Resettlement is a major source of controversy. More than 1.2 million will have to be resettled before the Yangtze valley is submerged. Entire villages and parts of major cities have been relocated. Critics claim that those forced out of the area have not been adequately compensated, particularly as the land they lost was highly fertile. But the government insists that the scale of its compensation package demonstrates its commitment to helping those affected improve their standard of living.

Upwards of 1,000 archeological sites will be submerged beneath the reservoir. Ancestral burial grounds and centuries-old temples, fossil remains, and archeological sites dating as far back as the Paleolithic Age risk being lost from public access and scholarly pursuit if they are not unearthed and relocated before the waters rise. The government has taken measures that it claims will mitigate these losses.

There is also concern about the impact the project will have on biological diversity. The baiji dolphin, the ancient river sturgeon and the finless porpoise depend on the Yangtze for their survival. The population of Siberian cranes in Poyang Lake will also be affected by the dam.

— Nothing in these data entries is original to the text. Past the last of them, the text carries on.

(* There exist 4-GDDs of types $93^8 318^1$ and $93^8 321^1$.
   Context: A 4-GDD of type $g_1^{u_1}\cdots g_r^{u_r}$ is a triple $(V,\mathcal G,\mathcal B)$ where $V$ is a set of $u_1g_1+\cdots+u_rg_r$ points, $\mathcal G$ is a partition of $V$ into $u_i$ groups of size $g_i$ for each $i$, and $\mathcal B$ is a non-empty collection of 4-element subsets (blocks) such that every pair of points from distinct groups lies in exactly one block and no pair from the same group lies in any block. *)

theory Defs
  imports Main "HOL-Library.Multiset"
begin

definition is_4GDD :: "'a set \<Rightarrow> 'a set set \<Rightarrow> 'a set set \<Rightarrow> bool" where
  "is_4GDD V G B \<longleftrightarrow>
     finite V \<and>
     (\<forall>g\<in>G. g \<noteq> {} \<and> g \<subseteq> V) \<and>
     (\<forall>g\<in>G. \<forall>h\<in>G. g \<noteq> h \<longrightarrow> g \<inter> h = {}) \<and>
     \<Union>G = V \<and>
     B \<noteq> {} \<and>
     (\<forall>b\<in>B. b \<subseteq> V \<and> card b = 4) \<and>
     (\<forall>x\<in>V. \<forall>y\<in>V. (\<forall>g\<in>G. \<not> (x \<in> g \<and> y \<in> g)) \<longrightarrow> (\<exists>!b. b \<in> B \<and> x \<in> b \<and> y \<in> b)) \<and>
     (\<forall>g\<in>G. \<forall>x\<in>g. \<forall>y\<in>g. x \<noteq> y \<longrightarrow> \<not> (\<exists>b\<in>B. x \<in> b \<and> y \<in> b))"

text \<open>The type of a GDD: the multiset of its group sizes.
 Type g1^u1 ... gr^ur corresponds to the multiset with g_i occurring u_i times.\<close>

definition gdd_type :: "'a set set \<Rightarrow> nat multiset" where
  "gdd_type G = image_mset card (mset_set G)"

definition has_4GDD_of_type :: "nat multiset \<Rightarrow> bool" where
  "has_4GDD_of_type T \<longleftrightarrow>
     (\<exists>(V::nat set) G B. is_4GDD V G B \<and> gdd_type G = T)"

Yangtze delta.jpg Yangtze Delta.

Sedimentation of the reservoir is also a serious challenge. The flow of the Yangtze carries with it the fifth-largest sediment discharge of any river in the world, equivalent to about 4 percent of all river-borne sediment discharged to all the oceans of the world. Sediment buildup behind the dam and throughout the reservoir would effect the overall storage capacity of the reservoir. The loss of storage capacity would directly result in a decrease in project’s flood control capability. The high rate of sediment deposit has already affected the diversion channel and is expected to compromise operation of the dam sooner and more seriously than had been anticipated.

The Yangtze River branches out into a broad estuary that stretches 655 kilometers into the East China Sea (East China Sea large marine ecosystem), and forms one of the largest continental shelves in the world. Over half of the Yangtze’s annual sediment load is deposited in the estuary. The health of the estuary depends on the delivery of this sediment because a significant relationship exists between intertidal wetland growth rate and riverine sediment supply. Yet, due to the Three Gorges project and other dams, the sediment accumulation rate in all reservoirs on the river has increased from close to zero in 1950 to more than 850 * 106 tons per year in 2003. This is causing erosion of the wetland habitat there, which provides nurseries for fish and resting areas for migratory birds and is considered one of the world's most important wetland ecosystems. A similar effect was seen on the Nile River after the Aswan Dam in Egypt was completed.